- Collection entries:

* * * * * * *

(* Let $F$ be a weighted graph with edge weight $\omega:E(F)\to\{3,4,5\}$. Assume that $F=T\cup P$, where $T$ is a spanning tree of $F$ all of whose edges have weight $3$ and $P$ is a non-spanning path of weight $\ell$ with end-vertices $x$ and $y$. If $F$ has no cycle of weight $11$ and $P$ has minimal weight among all $x,y$-paths in $F[N^1_F[P]]$, then $|N^1_F[P]|\ge\frac{\ell}{3}+\frac{5}{3}$.
   Context: The weight of a subgraph is the sum of the weights of its edges. $N^1_F[P]$ is the closed neighbourhood of $V(P)$ in $F$: all vertices at distance at most $1$ in $F$ from some vertex of $P$. A path is non-spanning if it does not contain all vertices of $F$. *)

theory Defs
  imports Complex_Main
begin

definition simple_graph :: "'a set \<Rightarrow> 'a set set \<Rightarrow> bool" where
  "simple_graph V E \<longleftrightarrow> finite V \<and>
     (\<forall>e\<in>E. \<exists>u v. u \<noteq> v \<and> u \<in> V \<and> v \<in> V \<and> e = {u, v})"

definition path_edges :: "'a list \<Rightarrow> 'a set set" where
  "path_edges ps = set (map (\<lambda>(a, b). {a, b}) (zip ps (tl ps)))"

definition is_path :: "'a set \<Rightarrow> 'a set set \<Rightarrow> 'a list \<Rightarrow> bool" where
  "is_path V E ps \<longleftrightarrow> ps \<noteq> [] \<and> distinct ps \<and> set ps \<subseteq> V \<and> path_edges ps \<subseteq> E"

definition is_cycle :: "'a set \<Rightarrow> 'a set set \<Rightarrow> 'a list \<Rightarrow> bool" where
  "is_cycle V E cs \<longleftrightarrow> length cs \<ge> 3 \<and> is_path V E cs \<and> {last cs, hd cs} \<in> E"

definition cycle_edges :: "'a list \<Rightarrow> 'a set set" where
  "cycle_edges cs = insert {last cs, hd cs} (path_edges cs)"

definition weight :: "('a set \<Rightarrow> nat) \<Rightarrow> 'a set set \<Rightarrow> nat" where
  "weight w A = (\<Sum>e\<in>A. w e)"

definition connected_graph :: "'a set \<Rightarrow> 'a set set \<Rightarrow> bool" where
  "connected_graph V E \<longleftrightarrow>
     (\<forall>u\<in>V. \<forall>v\<in>V. \<exists>ps. is_path V E ps \<and> hd ps = u \<and> last ps = v)"

definition is_tree :: "'a set \<Rightarrow> 'a set set \<Rightarrow> bool" where
  "is_tree V E \<longleftrightarrow> simple_graph V E \<and> connected_graph V E \<and> (\<nexists>cs. is_cycle V E cs)"

definition spanning_tree :: "'a set \<Rightarrow> 'a set set \<Rightarrow> 'a set set \<Rightarrow> bool" where
  "spanning_tree V E ET \<longleftrightarrow> ET \<subseteq> E \<and> is_tree V ET"

definition closed_nbhd :: "'a set \<Rightarrow> 'a set set \<Rightarrow> 'a set \<Rightarrow> 'a set" where
  "closed_nbhd V E S = S \<union> {v\<in>V. \<exists>u\<in>S. {u, v} \<in> E}"

definition induced_edges :: "'a set set \<Rightarrow> 'a set \<Rightarrow> 'a set set" where
  "induced_edges E S = {e\<in>E. e \<subseteq> S}"

end

theory Submission
  imports Defs
begin

(*
  Write P = v_0 ... v_k. Minimality of P in F[N[P]] forbids cheap detours: a tree edge v_i v_j
  (of weight 3) forces j = i + 1 and a step of weight 3, and a common neighbour z outside P of
  v_i and v_j (reached by two tree edges) forces the steps between them to weigh at most 6.
  A heavy step (weight at least 4) whose ends have a common outside neighbour has weight 4, as
  otherwise a triangle of weight 3 + 3 + 5 = 11 appears, and no outside vertex serves two heavy
  steps. The remaining heavy steps cut P into blocks that are joined neither by tree edges nor by
  common outside neighbours; since T is connected and spans a vertex off P, every block has its
  own outside neighbour. With m outside vertices in N[P] this gives l <= 3k + 2(m - 1) + m,
  while |N[P]| = k + 1 + m.
*)

lemma simple_graph_edgeD:
  assumes "simple_graph V E" "{a, b} \<in> E"
  shows "a \<in> V" "b \<in> V" "a \<noteq> b"
  using assms unfolding simple_graph_def by (auto simp: doubleton_eq_iff)

lemma path_edges_Nil [simp]: "path_edges [] = {}"
  and path_edges_singleton [simp]: "path_edges [a] = {}"
  and path_edges_Cons_Cons [simp]: "path_edges (a # b # xs) = insert {a, b} (path_edges (b # xs))"
  by (simp_all add: path_edges_def)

* * * * * * *

- TASK ITEM:
If a line of the records includes the string "subseteq", copy it out.

- ANSWER TO THE EXERCISE:
  "is_path V E ps \<longleftrightarrow> ps \<noteq> [] \<and> distinct ps \<and> set ps \<subseteq> V \<and> path_edges ps \<subseteq> E"
  "spanning_tree V E ET \<longleftrightarrow> ET \<subseteq> E \<and> is_tree V ET"
  "induced_edges E S = {e\<in>E. e \<subseteq> S}"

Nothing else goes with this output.